Here are two recent cases — both reversing summary judgment — that apply 29 C.F.R. § 1614.105(a)(1), which requires that an aggrieved federal employee “initiate contact with a[n agency EEO] Counselor within 45 days of the date of the matter alleged to be discriminatory or, in the case of personnel action, within 45 days of the effective date of the action.”

Culpepper v. Johanns, No. 07-3824 (8th Cir. Dec. 1, 2008):  While the employee in this rehabilitation Act case made a timely written complaint (within 45 days of losing out on a promotion), she directed it not to the EEO Counselor but to the agency’s Office of Civil Rights.  Is that good enough for government work?  The Eighth Circuit, applying the EEOC’s interpretation of its own regulation, holds that it is:  “the question is whether Culpepper’s letters to the Director of the USDA’s Office of Civil Rights in January 2005 and June 2006 satisfied the EEO counselor contact requirement even though she did not contact an EEO counselor. Applying the EEOC’s interpretation of § 1614.105(a) to the facts of this case, we hold that Culpepper’s letters (1) initiated contact with an agency official who is logically connected with the EEO process and (2) demonstrated Culpepper’s intent to begin the EEO process.”

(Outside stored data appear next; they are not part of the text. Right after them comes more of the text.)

(* Fix $\alpha\ge0$. For $\beta>0$ let $f_\beta$, $c_{0,\beta}$, $b_{0,\beta}$, $p_\beta$ and $F_\beta$ be as in the context. Then for every $\sigma\in\mathbb{C}$ with $\Re(\sigma)>0$, $$\lim_{\beta\to0^+}F_\beta(\sigma)=\left(\frac{\alpha\sigma}{2}+\frac14\right)e^{-2\sigma}-\frac12 .$$ Consequently the limiting (square-wave) dispersion relation $\lim_{\beta\to0^+}F_\beta(\sigma)=0$ is equivalent to $e^{2\sigma}=\alpha\sigma+\frac12$.
   Context: Dimensionless Chapman–Jouguet example: for parameters $\alpha\ge0$, $\beta>0$, define for $x\le0$, $u>0$ $$f_\beta(x,u)=\frac{1}{4\left(1+\mathrm{Erf}\!\left[\frac{u^{-\alpha}}{2\sqrt\beta}\right]\right)}\,\frac{1}{\sqrt{4\pi\beta}}\exp\!\left[-\frac{(x+u^{-\alpha})^2}{4\beta}\right],$$ which satisfies $\int_{-\infty}^0 f_\beta(x,u)\,dx=1/8$ for all $u$; the steady shock value is $u_{0s}=1$. Define $c_{0,\beta}(x)=\sqrt{2\int_{-\infty}^x f_\beta(y,1)\,dy}$ (so $c_{0,\beta}(0)=1/2$), $b_{0,\beta}(x)=\frac{\partial f_\beta}{\partial u}(x,1)+\frac{f_\beta(x,1)}{2c_{0,\beta}(x)}$, $p_\beta(x)=\int_x^0 dy/c_{0,\beta}(y)$, and $$F_\beta(\sigma)=\int_{-\infty}^0 b_{0,\beta}(\xi)e^{-\sigma p_\beta(\xi)}\,d\xi-c_{0,\beta}(0),\qquad \Re\sigma>0 .$$ *)

theory Defs
  imports "HOL-Analysis.Analysis"
begin

definition erf :: "real \<Rightarrow> real" where
  "erf z = 2 / sqrt pi * (LBINT t=0..z. exp (- (t\<^sup>2)))"

definition fCJ :: "real \<Rightarrow> real \<Rightarrow> real \<Rightarrow> real \<Rightarrow> real" where
  "fCJ \<alpha> \<beta> x u =
     1 / (4 * (1 + erf (u powr (-\<alpha>) / (2 * sqrt \<beta>)))) *
     (1 / sqrt (4 * pi * \<beta>)) * exp (- ((x + u powr (-\<alpha>))\<^sup>2) / (4 * \<beta>))"

definition c0CJ :: "real \<Rightarrow> real \<Rightarrow> real \<Rightarrow> real" where
  "c0CJ \<alpha> \<beta> x = sqrt (2 * (LBINT y:{..x}. fCJ \<alpha> \<beta> y 1))"

definition b0CJ :: "real \<Rightarrow> real \<Rightarrow> real \<Rightarrow> real" where
  "b0CJ \<alpha> \<beta> x = deriv (\<lambda>u. fCJ \<alpha> \<beta> x u) 1 + fCJ \<alpha> \<beta> x 1 / (2 * c0CJ \<alpha> \<beta> x)"

definition pCJ :: "real \<Rightarrow> real \<Rightarrow> real \<Rightarrow> real" where
  "pCJ \<alpha> \<beta> x = (LBINT y=x..0. 1 / c0CJ \<alpha> \<beta> y)"

definition FCJ :: "real \<Rightarrow> real \<Rightarrow> complex \<Rightarrow> complex" where
  "FCJ \<alpha> \<beta> \<sigma> =
     (LBINT \<xi>:{..0}. complex_of_real (b0CJ \<alpha> \<beta> \<xi>) * exp (- \<sigma> * complex_of_real (pCJ \<alpha> \<beta> \<xi>)))
     - complex_of_real (c0CJ \<alpha> \<beta> 0)"

end

theory Submission
  imports Defs "HOL-Probability.Distributions" "HOL-Real_Asymp.Real_Asymp"
begin

text \<open>
  At \<open>u = 1\<close> the density \<open>f\<^sub>\<beta>(\<cdot>, 1)\<close> is \<open>N\<^sub>\<beta>\<close> times the normal density \<open>G\<^sub>\<beta>\<close> with
  mean \<open>-1\<close> and variance \<open>2\<beta>\<close>; hence \<open>c\<^sub>0 = sqrt (2 N\<^sub>\<beta> \<Phi>\<^sub>\<beta>)\<close> for the distribution
  function \<open>\<Phi>\<^sub>\<beta>\<close> of \<open>G\<^sub>\<beta>\<close>, and \<open>b\<^sub>0 = \<alpha> N\<^sub>\<beta> (8 N\<^sub>\<beta> G\<^sub>\<beta>(0) G\<^sub>\<beta> - G\<^sub>\<beta>') + c\<^sub>0'/2\<close>.
  As \<open>p' = -1/c\<^sub>0\<close>, the factor \<open>E = exp (-\<sigma> p)\<close> satisfies \<open>E' = (\<sigma>/c\<^sub>0) E\<close>, and integrating
  \<open>(c\<^sub>0 E)'\<close> and \<open>(N\<^sub>\<beta> G\<^sub>\<beta> E)'\<close> over \<open>(-\<infinity>, 0]\<close> expresses \<open>F\<^sub>\<beta>(\<sigma>)\<close> through \<open>c\<^sub>0(0)\<close>,
  \<open>N\<^sub>\<beta> G\<^sub>\<beta>(0)\<close>, \<open>\<integral> G\<^sub>\<beta> E\<close> (of modulus at most 1) and \<open>\<integral> E\<close>.

  As \<open>\<beta> \<rightarrow> 0\<close> the Gaussian concentrates at \<open>-1\<close>: \<open>N\<^sub>\<beta> \<rightarrow> 1/8\<close>, \<open>G\<^sub>\<beta>(0) \<rightarrow> 0\<close>, and by
  Chebyshev's inequality \<open>c\<^sub>0\<close> tends to the square wave equal to \<open>1/2\<close> on \<open>(-1, 0]\<close> and \<open>0\<close>
  below \<open>-1\<close>. So \<open>p(\<xi>) \<rightarrow> -2\<xi>\<close> on \<open>(-1, 0]\<close> and \<open>p(\<xi>) \<rightarrow> \<infinity>\<close> below \<open>-1\<close>, and dominated
  convergence with \<open>|E(\<xi>)| \<le> exp (\<xi> Re \<sigma>)\<close> gives \<open>\<integral> E \<rightarrow> (1 - exp (-2\<sigma>)) / (2\<sigma>)\<close>.
\<close>

section \<open>The error function\<close>

lemma erf_eq_set_integral: "z \<ge> 0 \<Longrightarrow> erf z = 2 / sqrt pi * (LBINT t:{0..z}. exp (- (t\<^sup>2)))"
  unfolding erf_def using interval_integral_Icc[of 0 z] by (simp add: zero_ereal_def)

lemma erf_nonneg: "z \<ge> 0 \<Longrightarrow> erf z \<ge> 0"
  unfolding erf_eq_set_integral set_lebesgue_integral_def
  by (auto intro!: mult_nonneg_nonneg integral_nonneg_AE)

lemma tendsto_erf_at_top: "(erf \<longlongrightarrow> 1) at_top"
proof -
  have int: "set_integrable lborel {0..} (\<lambda>t::real. exp (- (t\<^sup>2)))"
    and val: "(LBINT t:{0..}. exp (- (t\<^sup>2))) = sqrt pi / 2"
    using gaussian_moment_0
    by (auto simp: set_integrable_def set_lebesgue_integral_def has_bochner_integral_iff)
  then have "((\<lambda>b. LBINT t:{0..b}. exp (- (t\<^sup>2))) \<longlongrightarrow> sqrt pi / 2) at_top"
    using tendsto_set_lebesgue_integral_at_top[OF _ int] val by simp
  from tendsto_mult[OF tendsto_const this, of "2 / sqrt pi"]
  have "((\<lambda>b. 2 / sqrt pi * (LBINT t:{0..b}. exp (- (t\<^sup>2)))) \<longlongrightarrow> 1) at_top"
    by simp
  then show ?thesis
    by (rule tendsto_cong[THEN iffD1, rotated])
       (auto simp: eventually_at_top_linorder erf_eq_set_integral intro!: exI[of _ 0])
qed

lemma erf_has_real_derivative_at: "(erf has_real_derivative 2 / sqrt pi * exp (- (z\<^sup>2))) (at z)"
proof -
  let ?I = "{-\<bar>z\<bar>-1..\<bar>z\<bar>+1}"
  have "((\<lambda>u. LBINT t=0..u. exp (- (t\<^sup>2))) has_vector_derivative exp (- (z\<^sup>2))) (at z within ?I)"
    unfolding zero_ereal_def
    by (rule interval_integral_FTC2[of "-\<bar>z\<bar>-1" 0 "\<bar>z\<bar>+1"]) (auto intro!: continuous_intros)
  then have "((\<lambda>u. LBINT t=0..u. exp (- (t\<^sup>2))) has_real_derivative exp (- (z\<^sup>2))) (at z)"
    by (subst (asm) at_within_interior)
       (auto simp: interior_atLeastAtMost_real has_real_derivative_iff_has_vector_derivative)
  then show ?thesis
    unfolding erf_def[abs_def] by (rule DERIV_cmult)
qed

lemma erf_has_real_derivative [derivative_intros]:
  "(f has_real_derivative f') (at x within S) \<Longrightarrow>
   ((\<lambda>x. erf (f x)) has_real_derivative 2 / sqrt pi * exp (- (f x)\<^sup>2) * f') (at x within S)"
  by (rule DERIV_chain2[OF erf_has_real_derivative_at])

section \<open>Integrals over the negative half-line\<close>

lemma set_integral_atMost_eq_lessThan:
  fixes f :: "real \<Rightarrow> 'a::{banach, second_countable_topology}"
  assumes "f \<in> borel_measurable lborel"
  shows "(LBINT x:{..b}. f x) = (LBINT x:{..<b}. f x)"
  unfolding set_lebesgue_integral_def
proof (rule integral_cong_AE)
  show "AE x in lborel. indicator {..b} x *\<^sub>R f x = indicator {..<b} x *\<^sub>R f x"
    using AE_lborel_singleton[of b] by eventually_elim (auto simp: indicator_def)
qed (use assms in auto)

lemma set_integral_lessThan_FTC:
  fixes F f :: "real \<Rightarrow> complex"
  assumes "\<And>x. (F has_vector_derivative f x) (at x)" and "\<And>x. isCont f x"
    and "set_integrable lborel {..<b} f" and "(F \<longlongrightarrow> 0) at_bot"
  shows "(LBINT x:{..<b}. f x) = F b"
proof -
  have "isCont F b"
    using assms(1) has_vector_derivative_continuous by blast
  then have "(LBINT x=-\<infinity>..ereal b. f x) = F b - 0"
    using assms
    by (intro interval_integral_FTC_integrable)
       (auto simp: ereal_tendsto_simps1 isCont_def intro: tendsto_mono[OF at_within_le_at])
  then show ?thesis
    by (simp add: interval_lebesgue_integral_le_eq)
qed

lemma set_integrable_exp_lessThan_0:
  assumes "c > (0::real)"
  shows "set_integrable lborel {..<0} (\<lambda>x. exp (c * x))"
proof -
  have "((\<lambda>x. exp (c * x) / c) has_real_derivative exp (c * x)) (at x)" for x
    using assms by (auto intro!: derivative_eq_intros)
  moreover have "(((\<lambda>x. exp (c * x) / c) \<circ> real_of_ereal) \<longlongrightarrow> 0) (at_right (-\<infinity>))"
    unfolding ereal_tendsto_simps1 using assms by real_asymp
  moreover have "(((\<lambda>x. exp (c * x) / c) \<circ> real_of_ereal) \<longlongrightarrow> exp (c * 0) / c) (at_left (ereal 0))"
    unfolding ereal_tendsto_simps1 using assms by (intro tendsto_intros) auto
  ultimately show ?thesis
    using interval_integral_FTC_nonneg[of "-\<infinity>" "ereal 0" "\<lambda>x. exp (c * x) / c" "\<lambda>x. exp (c * x)"]
    by simp
qed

Shiver v. Chertoff, No. 08-13024 (11th Cir. Nov. 26, 2008):  This case establishes that the regulation means what it says by providing two accrual dates — the “date of the matter,” or for personnel actions “the effective date of the action.”  The regulation also expressly provides for a discovery rule, i.e, the EEOC “shall extend the 45-day limit . . . when the individual shows . . . that he or she did not know and reasonably should not have [] known that the . . . personnel action occurred.” 29 C.F.R. § 1614.105(a)(2). The regulation thus deviates from the common understanding in private-sector cases that the accrual date for discrete actions is always when the employee first learns about the adverse action (such as under Evans and Morgan).

Thus in this case, brought under the Rehabilitation Act, the employee intiated contact with the agency counselor more than 45 days after first learning about a demotion (Dec. 3, 2004) but within 45 days of when he first learned that the demotion became effective (Jan. 5, 2005).  The Eleventh Circuit reverses summary judgment, and holds “the record demonstrates that Shiver contacted an EEO counselor within 45 days of January 5, 2005, which was the date that he learned that his demotion had become effective. Thus, we conclude that his administrative complaint was timely, and, therefore, the district court erred in finding that Shiver’s action was time-barred.”